• _Directions for this task_: Word for word, reproduce every line of the data below.

• _Raw data_:
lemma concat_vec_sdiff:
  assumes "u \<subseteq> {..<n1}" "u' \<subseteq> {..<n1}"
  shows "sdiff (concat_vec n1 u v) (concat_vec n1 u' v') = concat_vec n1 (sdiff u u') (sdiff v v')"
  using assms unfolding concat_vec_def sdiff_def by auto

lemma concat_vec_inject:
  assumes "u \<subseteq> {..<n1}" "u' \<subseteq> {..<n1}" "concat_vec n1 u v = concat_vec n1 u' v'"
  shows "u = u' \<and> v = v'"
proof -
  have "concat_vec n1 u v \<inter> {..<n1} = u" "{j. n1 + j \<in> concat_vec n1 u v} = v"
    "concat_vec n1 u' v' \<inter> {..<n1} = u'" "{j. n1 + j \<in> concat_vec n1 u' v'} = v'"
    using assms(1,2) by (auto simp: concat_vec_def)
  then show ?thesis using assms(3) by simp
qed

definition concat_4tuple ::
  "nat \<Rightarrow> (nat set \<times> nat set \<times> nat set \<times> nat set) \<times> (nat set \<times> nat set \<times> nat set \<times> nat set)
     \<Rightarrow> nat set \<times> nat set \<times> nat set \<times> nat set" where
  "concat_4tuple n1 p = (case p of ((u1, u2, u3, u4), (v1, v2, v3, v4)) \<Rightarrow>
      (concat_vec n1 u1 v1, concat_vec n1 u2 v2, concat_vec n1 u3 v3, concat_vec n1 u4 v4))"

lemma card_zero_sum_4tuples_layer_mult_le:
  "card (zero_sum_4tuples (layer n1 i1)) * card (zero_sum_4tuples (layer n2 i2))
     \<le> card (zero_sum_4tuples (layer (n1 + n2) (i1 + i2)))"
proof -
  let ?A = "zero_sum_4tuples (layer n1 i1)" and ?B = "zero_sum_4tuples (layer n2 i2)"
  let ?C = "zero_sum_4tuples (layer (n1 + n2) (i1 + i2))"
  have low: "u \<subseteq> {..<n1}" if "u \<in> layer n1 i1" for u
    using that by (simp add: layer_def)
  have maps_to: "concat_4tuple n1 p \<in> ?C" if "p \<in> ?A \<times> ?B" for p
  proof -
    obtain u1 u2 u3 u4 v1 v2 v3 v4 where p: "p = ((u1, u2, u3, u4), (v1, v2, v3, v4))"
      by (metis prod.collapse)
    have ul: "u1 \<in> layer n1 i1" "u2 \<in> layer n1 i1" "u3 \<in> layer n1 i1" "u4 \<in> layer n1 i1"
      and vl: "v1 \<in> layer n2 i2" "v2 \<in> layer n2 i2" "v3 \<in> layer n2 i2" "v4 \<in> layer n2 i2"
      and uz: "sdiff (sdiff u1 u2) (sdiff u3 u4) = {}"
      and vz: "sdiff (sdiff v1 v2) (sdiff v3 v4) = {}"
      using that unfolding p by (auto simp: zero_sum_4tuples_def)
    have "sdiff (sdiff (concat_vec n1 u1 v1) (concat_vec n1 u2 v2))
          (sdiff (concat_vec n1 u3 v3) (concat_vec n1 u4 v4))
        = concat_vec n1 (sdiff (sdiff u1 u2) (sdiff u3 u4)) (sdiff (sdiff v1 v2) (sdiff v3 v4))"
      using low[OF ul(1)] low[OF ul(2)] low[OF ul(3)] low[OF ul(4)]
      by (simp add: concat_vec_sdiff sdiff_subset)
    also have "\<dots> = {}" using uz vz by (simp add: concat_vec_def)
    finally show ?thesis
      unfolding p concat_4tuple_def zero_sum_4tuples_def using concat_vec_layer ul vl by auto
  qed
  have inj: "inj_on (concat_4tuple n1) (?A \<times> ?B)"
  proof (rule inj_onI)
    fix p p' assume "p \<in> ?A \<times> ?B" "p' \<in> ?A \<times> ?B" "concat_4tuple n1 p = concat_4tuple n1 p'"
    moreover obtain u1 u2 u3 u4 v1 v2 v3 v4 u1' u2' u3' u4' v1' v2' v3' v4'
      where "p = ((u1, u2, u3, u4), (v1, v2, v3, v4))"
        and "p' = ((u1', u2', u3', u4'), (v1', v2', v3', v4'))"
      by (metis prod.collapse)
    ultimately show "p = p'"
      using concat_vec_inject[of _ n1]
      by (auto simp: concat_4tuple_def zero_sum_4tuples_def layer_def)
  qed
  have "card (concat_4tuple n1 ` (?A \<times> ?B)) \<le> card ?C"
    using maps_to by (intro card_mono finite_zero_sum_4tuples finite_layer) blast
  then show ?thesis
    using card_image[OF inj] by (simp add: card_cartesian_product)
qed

• _Solution_:
lemma concat_vec_sdiff:
  assumes "u \<subseteq> {..<n1}" "u' \<subseteq> {..<n1}"
  shows "sdiff (concat_vec n1 u v) (concat_vec n1 u' v') = concat_vec n1 (sdiff u u') (sdiff v v')"
  using assms unfolding concat_vec_def sdiff_def by auto

lemma concat_vec_inject:
  assumes "u \<subseteq> {..<n1}" "u' \<subseteq> {..<n1}" "concat_vec n1 u v = concat_vec n1 u' v'"
  shows "u = u' \<and> v = v'"
proof -
  have "concat_vec n1 u v \<inter> {..<n1} = u" "{j. n1 + j \<in> concat_vec n1 u v} = v"
    "concat_vec n1 u' v' \<inter> {..<n1} = u'" "{j. n1 + j \<in> concat_vec n1 u' v'} = v'"
    using assms(1,2) by (auto simp: concat_vec_def)
  then show ?thesis using assms(3) by simp
qed

definition concat_4tuple ::
  "nat \<Rightarrow> (nat set \<times> nat set \<times> nat set \<times> nat set) \<times> (nat set \<times> nat set \<times> nat set \<times> nat set)
     \<Rightarrow> nat set \<times> nat set \<times> nat set \<times> nat set" where
  "concat_4tuple n1 p = (case p of ((u1, u2, u3, u4), (v1, v2, v3, v4)) \<Rightarrow>
      (concat_vec n1 u1 v1, concat_vec n1 u2 v2, concat_vec n1 u3 v3, concat_vec n1 u4 v4))"

lemma card_zero_sum_4tuples_layer_mult_le:
  "card (zero_sum_4tuples (layer n1 i1)) * card (zero_sum_4tuples (layer n2 i2))
     \<le> card (zero_sum_4tuples (layer (n1 + n2) (i1 + i2)))"
proof -
  let ?A = "zero_sum_4tuples (layer n1 i1)" and ?B = "zero_sum_4tuples (layer n2 i2)"
  let ?C = "zero_sum_4tuples (layer (n1 + n2) (i1 + i2))"
  have low: "u \<subseteq> {..<n1}" if "u \<in> layer n1 i1" for u
    using that by (simp add: layer_def)
  have maps_to: "concat_4tuple n1 p \<in> ?C" if "p \<in> ?A \<times> ?B" for p
  proof -
    obtain u1 u2 u3 u4 v1 v2 v3 v4 where p: "p = ((u1, u2, u3, u4), (v1, v2, v3, v4))"
      by (metis prod.collapse)
    have ul: "u1 \<in> layer n1 i1" "u2 \<in> layer n1 i1" "u3 \<in> layer n1 i1" "u4 \<in> layer n1 i1"
      and vl: "v1 \<in> layer n2 i2" "v2 \<in> layer n2 i2" "v3 \<in> layer n2 i2" "v4 \<in> layer n2 i2"
      and uz: "sdiff (sdiff u1 u2) (sdiff u3 u4) = {}"
      and vz: "sdiff (sdiff v1 v2) (sdiff v3 v4) = {}"
      using that unfolding p by (auto simp: zero_sum_4tuples_def)
    have "sdiff (sdiff (concat_vec n1 u1 v1) (concat_vec n1 u2 v2))
          (sdiff (concat_vec n1 u3 v3) (concat_vec n1 u4 v4))
        = concat_vec n1 (sdiff (sdiff u1 u2) (sdiff u3 u4)) (sdiff (sdiff v1 v2) (sdiff v3 v4))"
      using low[OF ul(1)] low[OF ul(2)] low[OF ul(3)] low[OF ul(4)]
      by (simp add: concat_vec_sdiff sdiff_subset)
    also have "\<dots> = {}" using uz vz by (simp add: concat_vec_def)
    finally show ?thesis
      unfolding p concat_4tuple_def zero_sum_4tuples_def using concat_vec_layer ul vl by auto
  qed
  have inj: "inj_on (concat_4tuple n1) (?A \<times> ?B)"
  proof (rule inj_onI)
    fix p p' assume "p \<in> ?A \<times> ?B" "p' \<in> ?A \<times> ?B" "concat_4tuple n1 p = concat_4tuple n1 p'"
    moreover obtain u1 u2 u3 u4 v1 v2 v3 v4 u1' u2' u3' u4' v1' v2' v3' v4'
      where "p = ((u1, u2, u3, u4), (v1, v2, v3, v4))"
        and "p' = ((u1', u2', u3', u4'), (v1', v2', v3', v4'))"
      by (metis prod.collapse)
    ultimately show "p = p'"
      using concat_vec_inject[of _ n1]
      by (auto simp: concat_4tuple_def zero_sum_4tuples_def layer_def)
  qed
  have "card (concat_4tuple n1 ` (?A \<times> ?B)) \<le> card ?C"
    using maps_to by (intro card_mono finite_zero_sum_4tuples finite_layer) blast
  then show ?thesis
    using card_image[OF inj] by (simp add: card_cartesian_product)
qed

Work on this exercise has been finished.